Karlene Betteridge is a municipal leader working at the intersection of governance, structure, and organizational integrity. With experience in local government and the private sector, she focuses on how systems actually function under pressure: where authority sits, how decisions move, and what allows organizations to hold over time. Through her writing, she explores the often unseen structural conditions that shape governance, with a focus on clarity, accountability, and sustainable design.
About the Letter Series
A conductor does not play a single instrument. They do not write the music. They do not sit in the audience. They stand at the center of something complicated and alive, and they hold it together through clarity, timing, and an intimate understanding of every voice in the room.
This is what a Chief Administrative Officer does. This is what a leader does at the apex of any organization with a board.
In a municipality, Council writes the music.
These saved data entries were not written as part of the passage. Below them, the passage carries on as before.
lemma pair_frequency_estimates:
  assumes "pos_weights t" "ultrametric1 t" "v = vl @ x # rest"
    "a \<in> leaves_below t (v @ [y])" "b \<in> leaves_below t (v @ [\<not> y])"
    "c \<in> leaves_below t (vl @ [\<not> x])"
  defines "k \<equiv> real (NL t (vl @ [\<not> x]))"
    and "p \<equiv> measure_pmf.prob (outcomes t) {\<omega>. \<omega> {a, b, c} = {a, b}}"
  shows "measure_pmf.expectation (outcomes t) (pair_frequency (shape t) v vl) = p"
    and "measure_pmf.prob (outcomes t)
      {\<omega>. \<bar>pair_frequency (shape t) v vl \<omega> - p\<bar> > sqrt (ln k / k)} \<le> 2 / k\<^sup>2"
proof -
  have M: "prob_space (measure_pmf (outcomes t))"
    by (rule measure_pmf.prob_space_axioms)
  define a0 where "a0 = (SOME a. a \<in> leaves_below t (v @ [False]))"
  define b0 where "b0 = (SOME b. b \<in> leaves_below t (v @ [True]))"
  define C where "C = leaves_below t (vl @ [\<not> x])"
  define X :: "bool list \<Rightarrow> (bool list set \<Rightarrow> bool list set) \<Rightarrow> real"
    where "X = (\<lambda>c. indicator {\<omega>. \<omega> {a0, b0, c} = {a0, b0}})"
  have phat: "pair_frequency (shape t) v vl = (\<lambda>\<omega>. (\<Sum>c\<in>C. X c \<omega>) / real (card C))"
    by (simp add: pair_frequency_def fun_eq_iff Let_def assms(3) leaves_below_shape a0_def b0_def C_def X_def)
  have "\<exists>a. a \<in> leaves_below t (v @ [False])" "\<exists>b. b \<in> leaves_below t (v @ [\<not> False])"
    using assms(4,5) by (cases y; auto)+
  then have a0: "a0 \<in> leaves_below t (v @ [False])" and b0: "b0 \<in> leaves_below t (v @ [\<not> False])"
    unfolding a0_def b0_def by (auto intro: someI_ex)
  have C: "finite C" "C \<noteq> {}" "card C = k"
    using assms(6) finite_leaves[of t] by (auto simp: C_def k_def NL_def leaves_below_def)
  have EX: "measure_pmf.expectation (outcomes t) (X c) = p" if "c \<in> C" for c
    using prob_outcome_cherry[OF assms(1-3) a0 b0, of c] prob_outcome_cherry[OF assms(1-6)] that
    by (simp add: X_def C_def p_def)
  have intX: "integrable (measure_pmf (outcomes t)) (X c)" for c
    unfolding X_def by (rule integrable_real_indicator) (simp_all add: measure_pmf.emeasure_eq_measure)
  show "measure_pmf.expectation (outcomes t) (pair_frequency (shape t) v vl) = p"
    unfolding phat by (rule prob_space.expectation_sample_mean[OF M C(1,2) intX EX])
  from indep_vars_outcome_indicators[OF cherry_triples[OF assms(3) a0 b0], where P = "\<lambda>_. {a0, b0}"]
  have "prob_space.indep_vars (measure_pmf (outcomes t)) (\<lambda>_. borel) X C"
    by (simp add: X_def C_def)
  then show "measure_pmf.prob (outcomes t)
      {\<omega>. \<bar>pair_frequency (shape t) v vl \<omega> - p\<bar> > sqrt (ln k / k)} \<le> 2 / k\<^sup>2"
    using prob_space.sample_mean_deviation[OF M C(1,2) _ _ EX] unfolding phat C(3)
    by (simp add: X_def)
qed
They set the vision, establish the policy, and determine the direction that reflects what the community values and what it needs. They answer the fundamental question of governance: what do we want to become?
The CAO conducts. They translate that vision into motion – coordinating the expertise of staff, navigating the complexity of operations, and ensuring that every section of the organization plays its part in alignment with Council’s direction. The CAO answers the quieter question: how do we get there, together, without losing anyone along the way?
Staff play the instruments. Each role, each department, each skilled person in the organization brings something that the whole cannot function without. Operations. Finance. Legislative Services. Community Relations. Planning. The conductor does not play their instruments for them; they create the conditions for each person to play well.
And the citizens listen. They hear the music long before they read the policy. They feel it in the services they receive, in the responsiveness of their government, in whether their community feels like a place that is well held. They provide the most important feedback of all, not in chambers, but in daily life. Whether the music is working. Whether it needs to be rewritten. Whether it is still playing for them.
I called this series Conducting Governance because the metaphor is not decorative. It is structural. Good governance requires the same things a great orchestra requires: clarity of role, trust between sections, a shared understanding of the score, and a conductor who is not trying to play every instrument, but who is responsible, deeply and completely, for how the whole thing sounds.
These letters explore what happens when that structure holds, and what quietly breaks it when it doesn’t.